There are a number of articles on this blog about psychometric tests. In this post we will explore the ‘why’ of tests. Often companies and candidates use and have to go through the ordeal of psychometric tests without really understanding why they have to do the tests and what the value is.
The question is thus: “Why do we do Personality Tests and why are they useful?” Before we can explore the why we first need to understand what it is that we are talking about. Personality testing dates back to almost the beginning of the field of psychology. The MBTI for example is based on the works of Carl Jung who was a student of Sigmund Freud who is largely credited with being the father of modern psychology.
Understanding why people who are seemingly the same on the outside, may live and react totally differently is a puzzle that has been posed for centuries. With the advent of modern psychology the theorists and practitioners have managed to posit a variety of frameworks of personality that have been tested and factor-analysed to establish the credibility of the models.
The most widely known and accepted model of personality is the 5 factor model. The Big Five as it is known colloquially is a model that suggests that all personality types can be mapped out on a scale over five bipolar factors present in every individual. The five factors are openness, conscientiousness, extraversion, agreeableness, and neuroticism. Some summarize this as OCEAN. What the research says in short is that everyone will be somewhere on the scale of openness. For example, someone may be open to new experiences, seeking different experiences every day. They may not go to the same restaurant twice, and when they have to, they order different things on the menu every time. Opposed to that, someone may be very low on openness. This kind of person may have a regular schedule, they may go to the same restaurant every month, sit in the same seat and order the same meal.

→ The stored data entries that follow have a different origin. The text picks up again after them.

lemma thompsonF_iff_piecewise:
  "f \<in> thompsonF \<longleftrightarrow> (\<forall>t. t \<notin> {0..1} \<longrightarrow> f t = t) \<and> f 0 = 0 \<and> f 1 = 1 \<and>
     (\<exists>S \<subseteq> Collect dyadic. piecewise (pow2_affine_on f) S)"
proof -
  have "(\<exists>S \<subseteq> Collect dyadic. piecewise (pow2_affine_on f) S) \<longleftrightarrow>
    (\<exists>a k e b. a 0 = 0 \<and> a k = 1 \<and> (\<forall>i<k. a i < a (Suc i)) \<and> (\<forall>i\<le>k. dyadic (a i)) \<and>
       (\<forall>i<k. \<forall>t\<in>{a i..a (Suc i)}. f t = 2 powi e i * t + b i))" (is "?pw \<longleftrightarrow> ?seq")
  proof
    assume ?seq
    then obtain a k e b where a: "a 0 = 0" "a k = 1" "\<forall>i<k. a i < a (Suc i)" "\<forall>i\<le>k. dyadic (a i)"
      and pieces: "\<forall>i<k. \<forall>t\<in>{a i..a (Suc i)}. f t = 2 powi e i * t + b i"
      by blast
    have "\<forall>i<k. pow2_affine_on f (a i) (a (Suc i))"
      using pieces unfolding pow2_affine_on_def by blast
    then have "piecewise (pow2_affine_on f) (a ` {..k})"
      by (rule piecewise_of_partition[OF subinterval_closed_pow2_affine_on a(1-3)])
    moreover have "a ` {..k} \<subseteq> Collect dyadic" using a(4) by auto
    ultimately show ?pw by blast
  next
    assume ?pw
    then obtain S where S: "S \<subseteq> Collect dyadic" "piecewise (pow2_affine_on f) S" by blast
    obtain a k where a: "a 0 = 0" "a k = 1" "\<forall>i<k. a i < a (Suc i)" "\<forall>i\<le>k. a i \<in> S"
      and pieces: "\<forall>i<k. pow2_affine_on f (a i) (a (Suc i))"
      using partition_of_piecewise[OF S(2)] by blast
    then have "\<forall>i. \<exists>e b. i < k \<longrightarrow> (\<forall>t\<in>{a i..a (Suc i)}. f t = 2 powi e * t + b)"
      unfolding pow2_affine_on_def by blast
    then obtain e b where "\<forall>i<k. \<forall>t\<in>{a i..a (Suc i)}. f t = 2 powi e i * t + b i"
      by metis
    then show ?seq using a S(1) by blast
  qed
  then show ?thesis unfolding thompsonF_def mem_Collect_eq by simp
qed

lemma thompsonF_outside: "f \<in> thompsonF \<Longrightarrow> t \<notin> {0..1} \<Longrightarrow> f t = t"
  and thompsonF_0: "f \<in> thompsonF \<Longrightarrow> f 0 = 0"
  and thompsonF_1: "f \<in> thompsonF \<Longrightarrow> f 1 = 1"
  unfolding thompsonF_def by blast+

lemma thompsonF_piecewise:
  assumes "f \<in> thompsonF"
  obtains S where "S \<subseteq> Collect dyadic" "piecewise (pow2_affine_on f) S"
  using assms unfolding thompsonF_iff_piecewise by blast
lemma sum_integral_fpiece_shifted:
  assumes c: "\<forall>x::real. (\<Sum>j<k. c j * (1/2 + real j / (2 * real k) - x) ^ (k - 1)) = 1"
    and "1 \<le> n" and "a < b" and "i < k * n"
  shows "(\<Sum>j<k. c j * integral {a..b}
      (\<lambda>t. (b - t) ^ (k - 1) / fact (k - 1) * fpiece \<alpha> r a b (2 * k * n) (n * (k - j) + i - 1) t))
    = \<alpha> * ((b - a) / real (2 * k * n) / 2) ^ Suc r * ((b - a) ^ (k - 1) / fact (k - 1)) * integral {-1..1} (psi r)"
proof -
  let ?w = "\<lambda>t. (b - t) ^ (k - 1) / fact (k - 1)"
  let ?p = "\<lambda>j x. a + (real (n * (k - j) + i - 1) + (x + 1) / 2) * ((b - a) / real (2 * k * n))"
  let ?C = "\<alpha> * ((b - a) / real (2 * k * n) / 2) ^ Suc r"
  have w: "continuous_on UNIV ?w"
    by (intro continuous_intros) simp
  have "(\<Sum>j<k. c j * integral {a..b} (\<lambda>t. ?w t * fpiece \<alpha> r a b (2 * k * n) (n * (k - j) + i - 1) t))
      = (\<Sum>j<k. ?C * integral {-1..1} (\<lambda>x. c j * (?w (?p j x) * psi r x)))"
  proof (rule sum.cong[OF refl])
    fix j assume "j \<in> {..<k}"
    then have "integral {a..b} (\<lambda>t. ?w t * fpiece \<alpha> r a b (2 * k * n) (n * (k - j) + i - 1) t)
        = ?C * integral {-1..1} (\<lambda>x. ?w (?p j x) * psi r x)"
      using shifted_index_less[of j k i n] \<open>i < k * n\<close> by (intro integral_mult_fpiece[OF \<open>a < b\<close> _ w]) simp
    then show "c j * integral {a..b} (\<lambda>t. ?w t * fpiece \<alpha> r a b (2 * k * n) (n * (k - j) + i - 1) t)
        = ?C * integral {-1..1} (\<lambda>x. c j * (?w (?p j x) * psi r x))"
      by (simp only: integral_mult_right mult_ac)
  qed
  also have "\<dots> = ?C * integral {-1..1} (\<lambda>x. \<Sum>j<k. c j * (?w (?p j x) * psi r x))"
  proof (subst integral_sum)
    fix j
    have "(\<lambda>x. c j * ?w (?p j x) * psi r x) integrable_on {-1..1}"
      by (rule integrable_on_Icc_continuous_mult[OF _ borel_measurable_psi abs_psi_le])
        (use \<open>i < k * n\<close> in \<open>auto intro!: continuous_intros\<close>)
    then show "(\<lambda>x. c j * (?w (?p j x) * psi r x)) integrable_on {-1..1}"
      by (simp add: mult.assoc)
  qed (simp_all add: sum_distrib_left)
  also have "(\<lambda>x. \<Sum>j<k. c j * (?w (?p j x) * psi r x)) = (\<lambda>x. (b - a) ^ (k - 1) / fact (k - 1) * psi r x)"
    using sum_power_at_shifted_cells[OF c \<open>1 \<le> n\<close>]
    by (simp add: sum_distrib_right[symmetric] sum_divide_distrib[symmetric] mult.assoc[symmetric])
  finally show ?thesis
    by (simp add: integral_mult_right)
qed
lemma abs_Phi_minus_sigma_trunc_le:
  fixes H :: int
  assumes H: "H \<ge> 1" and \<delta>: "\<delta> > 0"
  defines "m \<equiv> CARD('n::finite) * CARD('n)" and "h \<equiv> real_of_int H"
  shows "\<bar>Phi TYPE('n) H - (2*h+1) ^ m * sigma_trunc TYPE('n) (nat H)\<bar>
         \<le> 2 * real m * (5*h) ^ (m - 1) * h powr \<delta> * exp (real CARD('n) * zeta_sum \<delta>)
           + real CARD('n) * (2*h+1) ^ (m - 1) * h powr \<delta> * exp (zeta_sum \<delta>)
           + (2*h+1) ^ m * (2 ^ nat \<lceil>2 powr (1/\<delta>)\<rceil> * (fact CARD('n) * h ^ CARD('n)) powr \<delta>) / h"
  using abs_Phi_minus_sieve_le_power[OF H \<delta>, where 'n='n] abs_sieve_minus_main_le[OF H \<delta>, where 'n='n]
  unfolding m_def h_def by linarith

lemma two_times_plus_one_power_le:
  fixes h :: real
  assumes "h \<ge> 1"
  shows "(2*h+1) ^ k \<le> 3 ^ k * h ^ k"
  using assms power_mono[of "2*h+1" "3*h" k] by (simp add: power_mult_distrib)

lemma two_times_plus_one_power_diff_le:
  fixes h :: real
  assumes "h \<ge> 1"
  shows "(2*h+1) ^ m - (2*h) ^ m \<le> real m * (3 ^ (m - 1) * h ^ (m - 1))"
proof -
  have "(2*h+1) ^ m - (2*h) ^ m \<le> real m * (2*h+1) ^ (m - 1)"
    using power_add_diff_le[of "2*h" 1 m] assms by simp
  also have "\<dots> \<le> real m * (3 ^ (m - 1) * h ^ (m - 1))"
    using two_times_plus_one_power_le[OF assms, of "m - 1"] by (intro mult_left_mono) auto
  finally show ?thesis .
qed
lemma W1_dist_distr_le:
  fixes \<mu> :: "'a::polish_space measure"
  assumes "\<mu> \<in> W1" "g \<in> borel_measurable borel"
  shows "W1_dist \<mu> (distr \<mu> borel g) \<le> (\<integral>\<^sup>+x. ennreal (dist x (g x)) \<partial>\<mu>)"
  using W1_dist_le_coupling[OF graph_coupling(1)[OF assms]] graph_coupling(2)[OF assms] by simp

lemma swap_coupling:
  fixes \<pi> :: "('a::polish_space \<times> 'a) measure"
  assumes \<pi>: "\<pi> \<in> couplings \<mu> \<nu>"
  shows "distr \<pi> borel prod.swap \<in> couplings \<nu> \<mu>"
    and "(\<integral>\<^sup>+p. ennreal (dist (fst p) (snd p)) \<partial>distr \<pi> borel prod.swap)
         = (\<integral>\<^sup>+p. ennreal (dist (fst p) (snd p)) \<partial>\<pi>)"
proof -
  have [measurable_cong]: "sets \<pi> = sets (borel \<Otimes>\<^sub>M borel)" using couplingsD(1)[OF \<pi>] .
  have [measurable]: "prod.swap \<in> measurable \<pi> (borel :: ('a \<times> 'a) measure)"
    using measurable_pair_swap' unfolding borel_prod[symmetric] measurable_cong_sets[OF couplingsD(1)[OF \<pi>] refl]
    by (simp add: prod.swap_def[abs_def] case_prod_beta')
  have "distr (distr \<pi> borel prod.swap) borel fst = \<nu>" "distr (distr \<pi> borel prod.swap) borel snd = \<mu>"
    using couplingsD(4,5)[OF \<pi>] by (subst distr_distr; simp add: comp_def)+
  then show "distr \<pi> borel prod.swap \<in> couplings \<nu> \<mu>"
    using couplingsD(3)[OF \<pi>] unfolding couplings_def by (auto intro: prob_space.prob_space_distr)
  show "(\<integral>\<^sup>+p. ennreal (dist (fst p) (snd p)) \<partial>distr \<pi> borel prod.swap)
      = (\<integral>\<^sup>+p. ennreal (dist (fst p) (snd p)) \<partial>\<pi>)"
    by (subst nn_integral_distr) (measurable, simp add: dist_commute)
qed

lemma W1_dist_commute:
  fixes \<mu> :: "'a::polish_space measure"
  shows "W1_dist \<mu> \<nu> = W1_dist \<nu> \<mu>"
proof -
  have "W1_dist \<nu> \<mu> \<le> W1_dist \<mu> \<nu>" for \<mu> \<nu> :: "'a measure"
    unfolding W1_dist_def[of \<mu>]
  proof (rule INF_greatest)
    fix \<pi> assume \<pi>: "\<pi> \<in> couplings \<mu> \<nu>"
    show "W1_dist \<nu> \<mu> \<le> (\<integral>\<^sup>+p. ennreal (dist (fst p) (snd p)) \<partial>\<pi>)"
      using W1_dist_le_coupling[OF swap_coupling(1)[OF \<pi>]] swap_coupling(2)[OF \<pi>] by simp
  qed
  from this[of \<mu> \<nu>] this[of \<nu> \<mu>] show ?thesis
    by (rule antisym)
qed

lemma pair_measure_coupling:
  fixes \<mu> :: "'a::polish_space measure"
  assumes \<mu>: "\<mu> \<in> W1" and \<nu>: "\<nu> \<in> W1"
  shows "\<mu> \<Otimes>\<^sub>M \<nu> \<in> couplings \<mu> \<nu>"
proof -
  interpret \<mu>: prob_space \<mu> using W1D[OF \<mu>] by simp
  interpret \<nu>: prob_space \<nu> using W1D[OF \<nu>] by simp
  have "sets (\<mu> \<Otimes>\<^sub>M \<nu>) = sets (borel \<Otimes>\<^sub>M borel)"
    by (rule sets_pair_measure_cong) (simp_all add: W1D[OF \<mu>] W1D[OF \<nu>])
  then have "sets (\<mu> \<Otimes>\<^sub>M \<nu>) = sets (borel :: ('a \<times> 'a) measure)"
    by (simp only: borel_prod)
  moreover have "distr (\<mu> \<Otimes>\<^sub>M \<nu>) borel fst = \<mu>"
  proof -
    have "distr (\<mu> \<Otimes>\<^sub>M \<nu>) borel fst = distr (\<mu> \<Otimes>\<^sub>M \<nu>) \<mu> fst"
      by (rule distr_cong) (simp_all add: W1D[OF \<mu>])
    then show ?thesis by (simp add: \<nu>.distr_pair_fst)
  qed
  moreover have "distr (\<mu> \<Otimes>\<^sub>M \<nu>) borel snd = \<nu>"
  proof (rule measure_eqI)
    fix A assume "A \<in> sets (distr (\<mu> \<Otimes>\<^sub>M \<nu>) borel snd)"
    then have A: "A \<in> sets \<nu>" using W1D[OF \<nu>] by simp
    have "snd \<in> measurable (\<mu> \<Otimes>\<^sub>M \<nu>) borel"
      using measurable_snd[of \<mu> \<nu>] unfolding measurable_cong_sets[OF refl W1D(1)[OF \<nu>]] .
    moreover have "snd -` A \<inter> space (\<mu> \<Otimes>\<^sub>M \<nu>) = space \<mu> \<times> A"
      using sets.sets_into_space[OF A] by (auto simp: space_pair_measure)
    ultimately show "emeasure (distr (\<mu> \<Otimes>\<^sub>M \<nu>) borel snd) A = emeasure \<nu> A"
      using A W1D[OF \<nu>] by (simp add: emeasure_distr \<nu>.emeasure_pair_measure_Times \<mu>.emeasure_space_1)
  qed (simp add: W1D[OF \<nu>])
  ultimately show ?thesis
    unfolding couplings_def by (simp add: prob_space_pair \<mu>.prob_space_axioms \<nu>.prob_space_axioms)
qed
(* Let $r \le \min(M,N)$ be positive integers and let $\mathcal{P}=\mathcal{B}_{\infty,+}=\{\mathbf{x}\in\mathbb{R}^r \mid \mathbf{0}\le\mathbf{x}\le\mathbf{1}\}$ (componentwise inequalities). Let $\mathbf{H}_g\in\mathbb{R}^{M\times r}$ have full column rank, let $\mathbf{S}_g\in\mathbb{R}^{r\times N}$ have all of its columns in $\mathcal{P}$, and set $\mathbf{Y}=\mathbf{H}_g\mathbf{S}_g$. Suppose $\mathbf{S}_g$ is a sufficiently scattered factor corresponding to $\mathcal{P}$ (as defined in the context). Consider the Det-Max optimization problem $$\max_{\mathbf{H}\in\mathbb{R}^{M\times r},\ \mathbf{S}\in\mathbb{R}^{r\times N}} \det(\mathbf{S}\mathbf{S}^T)\quad\text{subject to}\quad \mathbf{Y}=\mathbf{H}\mathbf{S},\ \ \mathbf{S}_{:,j}\in\mathcal{P}\ \ (j=1,\dots,N).$$ Then every global optimum $(\mathbf{H}_*,\mathbf{S}_* )$ of this problem satisfies $$\mathbf{H}_*=\mathbf{H}_g\boldsymbol{\Pi}^T,\qquad \mathbf{S}_*=\boldsymbol{\Pi}\mathbf{S}_g,$$ for some permutation matrix $\boldsymbol{\Pi}\in\mathbb{R}^{r\times r}$.
   Context: $\mathbf{1}$ and $\mathbf{0}$ denote the all-ones and all-zeros vectors. $\mathbf{S}_{:,j}$ denotes the $j$-th column of $\mathbf{S}$; $\mathrm{conv}(\mathbf{S})$ is the convex hull of the columns of $\mathbf{S}$. For a convex polytope $\mathcal{P}\subset\mathbb{R}^r$ with nonempty interior, $\mathcal{E}_\mathcal{P}$ denotes its maximum volume inscribed ellipsoid (MVIE), i.e. the (unique) ellipsoid of maximal volume contained in $\mathcal{P}$, written $\mathcal{E}_\mathcal{P}=\{\mathbf{C}_\mathcal{P}\mathbf{u}+\mathbf{g}_\mathcal{P}\mid \|\mathbf{u}\|_2\le 1\}$ with $\mathbf{C}_\mathcal{P}\succeq 0$ and center $\mathbf{g}_\mathcal{P}$. For a set $C\subset\mathbb{R}^r$ and point $\mathbf{d}$, the polar of $C$ with respect to $\mathbf{d}$ is $C^{*,\mathbf{d}}=\{\mathbf{x}\in\mathbb{R}^r\mid \langle\mathbf{x},\mathbf{y}-\mathbf{d}\rangle\le 1\ \forall \mathbf{y}\in C\}$. $\mathrm{bd}(\cdot)$ denotes boundary and $\mathrm{ext}(\cdot)$ the set of extreme points (vertices). A matrix $\mathbf{S}\in\mathbb{R}^{r\times N}$ is called a sufficiently scattered factor corresponding to $\mathcal{P}$ if (i) $\mathcal{P}\supseteq\mathrm{conv}(\mathbf{S})\supset\mathcal{E}_\mathcal{P}$, and (ii) $\mathrm{conv}(\mathbf{S})^{*,\mathbf{g}_\mathcal{P}}\cap\mathrm{bd}(\mathcal{E}_\mathcal{P}^{*,\mathbf{g}_\mathcal{P}})=\mathrm{ext}(\mathcal{P}^{*,\mathbf{g}_\mathcal{P}})$. *)

theory Defs
  imports "HOL-Analysis.Analysis"
begin

definition psd_mat :: "real^'r^'r \<Rightarrow> bool" where
  "psd_mat C \<longleftrightarrow> transpose C = C \<and> (\<forall>x. 0 \<le> x \<bullet> (C *v x))"

definition ellipsoid :: "real^'r^'r \<Rightarrow> real^'r \<Rightarrow> (real^'r) set" where
  "ellipsoid C g = {C *v u + g | u. norm u \<le> 1}"

definition is_MVIE :: "(real^'r) set \<Rightarrow> real^'r^'r \<Rightarrow> real^'r \<Rightarrow> bool" where
  "is_MVIE P C g \<longleftrightarrow> psd_mat C \<and> ellipsoid C g \<subseteq> P \<and>
     (\<forall>C' g'. psd_mat C' \<and> ellipsoid C' g' \<subseteq> P \<longrightarrow>
        measure lebesgue (ellipsoid C' g') \<le> measure lebesgue (ellipsoid C g))"

definition MVIE :: "(real^'r) set \<Rightarrow> (real^'r) set" where
  "MVIE P = (THE E. \<exists>C g. is_MVIE P C g \<and> E = ellipsoid C g)"

definition MVIE_center :: "(real^'r) set \<Rightarrow> real^'r" where
  "MVIE_center P = (THE g. \<exists>C. is_MVIE P C g)"

definition polar_wrt :: "(real^'r) set \<Rightarrow> real^'r \<Rightarrow> (real^'r) set" where
  "polar_wrt C d = {x. \<forall>y\<in>C. x \<bullet> (y - d) \<le> 1}"

definition ext_pts :: "(real^'r) set \<Rightarrow> (real^'r) set" where
  "ext_pts S = {x. x extreme_point_of S}"

definition suff_scattered :: "real^'n^'r \<Rightarrow> (real^'r) set \<Rightarrow> bool" where
  "suff_scattered S P \<longleftrightarrow>
     (let E = MVIE P; g = MVIE_center P; K = convex hull (columns S) in
       P \<supseteq> K \<and> K \<supseteq> E \<and>
       polar_wrt K g \<inter> frontier (polar_wrt E g) = ext_pts (polar_wrt P g))"

definition box_pos :: "(real^'r) set" where
  "box_pos = {x. \<forall>i. 0 \<le> x $ i \<and> x $ i \<le> 1}"

definition perm_mat :: "real^'r^'r \<Rightarrow> bool" where
  "perm_mat Q \<longleftrightarrow> (\<exists>p. p permutes (UNIV :: 'r set) \<and>
      Q = (\<chi> i j. if p i = j then 1 else 0))"

definition detmax_feasible :: "real^'n^'m \<Rightarrow> (real^'r) set \<Rightarrow> real^'r^'m \<Rightarrow> real^'n^'r \<Rightarrow> bool" where
  "detmax_feasible Y P H S \<longleftrightarrow> Y = H ** S \<and> (\<forall>j. column j S \<in> P)"

definition detmax_optimal :: "real^'n^'m \<Rightarrow> (real^'r) set \<Rightarrow> real^'r^'m \<Rightarrow> real^'n^'r \<Rightarrow> bool" where
  "detmax_optimal Y P H S \<longleftrightarrow> detmax_feasible Y P H S \<and>
     (\<forall>H' S'. detmax_feasible Y P H' S' \<longrightarrow>
        det (S' ** transpose S') \<le> det (S ** transpose S))"

end

theory Submission
  imports Defs
begin

text \<open>
  The maximum volume ellipsoid inscribed in the box \<open>[0,1]\<^sup>r\<close> is the ball of radius 1/2 about
  its centre \<open>c\<close>: the rows of the shape matrix of an inscribed ellipsoid have length at most 1/2,
  its volume is proportional to the determinant, and Hadamard's inequality, together with its
  equality case, bounds the determinant by the product of the row lengths. The polar of this ball
  with respect to \<open>c\<close> is the ball of radius 2.

  An optimal pair has the form \<open>S = A Sg\<close> with \<open>|det A| \<ge> 1\<close>, where \<open>A\<close> maps the convex hull
  \<open>K\<close> of the columns of \<open>Sg\<close> into the box. Every row \<open>a\<close> of \<open>A\<close> satisfies
  \<open>0 \<le> a \<bullet> x \<le> 1\<close> on \<open>K\<close>, which contains the ball, so \<open>|a| \<le> 1\<close>, and the equality case
  of Hadamard's inequality forces \<open>|a| = 1\<close>. Then \<open>2a\<close> lies in the polar of \<open>K\<close> and on the
  sphere of radius 2, so sufficient scattering puts it in the polar of the box, which bounds its
  l1-norm by 2. A unit vector of l1-norm at most 1 with nonnegative coordinate sum is a standard
  basis vector, so \<open>A\<close> is a permutation matrix.
\<close>

section \<open>Volumes of linear images\<close>

lemma measure_swap_cbox:
  fixes m n :: "'n::finite"
  shows "measure lebesgue ((\<lambda>x::real^'n. \<chi> i. x $ Transposition.transpose m n i) ` cbox a b)
    = measure lebesgue (cbox a b)" (is "measure lebesgue (?h ` _) = _")
proof (cases "cbox a b = {}")
  case False
  have image: "?h ` cbox a b = cbox (?h a) (?h b)"
    by (auto simp: image_iff lambda_swap_Galois mem_box_cart) (metis transpose_involutory)+
  have "?h ` cbox a b \<noteq> {}"
    using False by blast
  then show ?thesis
    using prod.permute[OF permutes_swap_id, where S=UNIV and g="\<lambda>i. (b - a) $ i", symmetric]
    by (simp add: image content_cbox_cart False)
qed simp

So what does this have to do with testing and more particularly for testing in a job context?
The use of psychometric tests have traditionally been received with quite a hostile reception. Guion & Gottier, (1965) for example came to a very pessimistic conclusion that personality tests are not valid in the prediction of job performance. This conclusion stood unchallenged for many decades, but thankfully in recent years a lot of research have gone into the use and usefulness of personality tests.
Various studies have found support for the use of personality tests as predictors of future job performance. A meta-analytic study by Barrick, Mount and Judge (2001) support previous findings that conscientiousness is a valid predictor across performance measures in all occupations studied. Emotional stability was also found to be a generalizable predictor when overall work performance was the criterion, but its relationship to specific performance criteria and occupations was less consistent than was conscientiousness. Other personality traits (e.g. extraversion, openness and agreeableness) did not predict overall work performance, they did predict success in specific occupations or relate to specific criteria. Therefore it is important to measure a broad range of personality traits as part of selection, development or promotion activities. As some personality traits may predict some success in specific occupations which may differ from other occupations.
In South Africa, Rothmann & Coetzer (2003) found that Emotional Stability, Extraversion, Openness to Experience and Conscientiousness were related to task performance and creativity. Three personality dimensions, namely Emotional Stability, Openness to Experience and Agreeableness, explained 28% of the variance in participants’ management performance. In other words almost a third of the performance differences in performance can be attributed to having or not having certain personality traits.
Based on the above two studies, we can conclude that the use of personality tests are not only valid for use, but may be essential to use in selection and development of new and existing staff.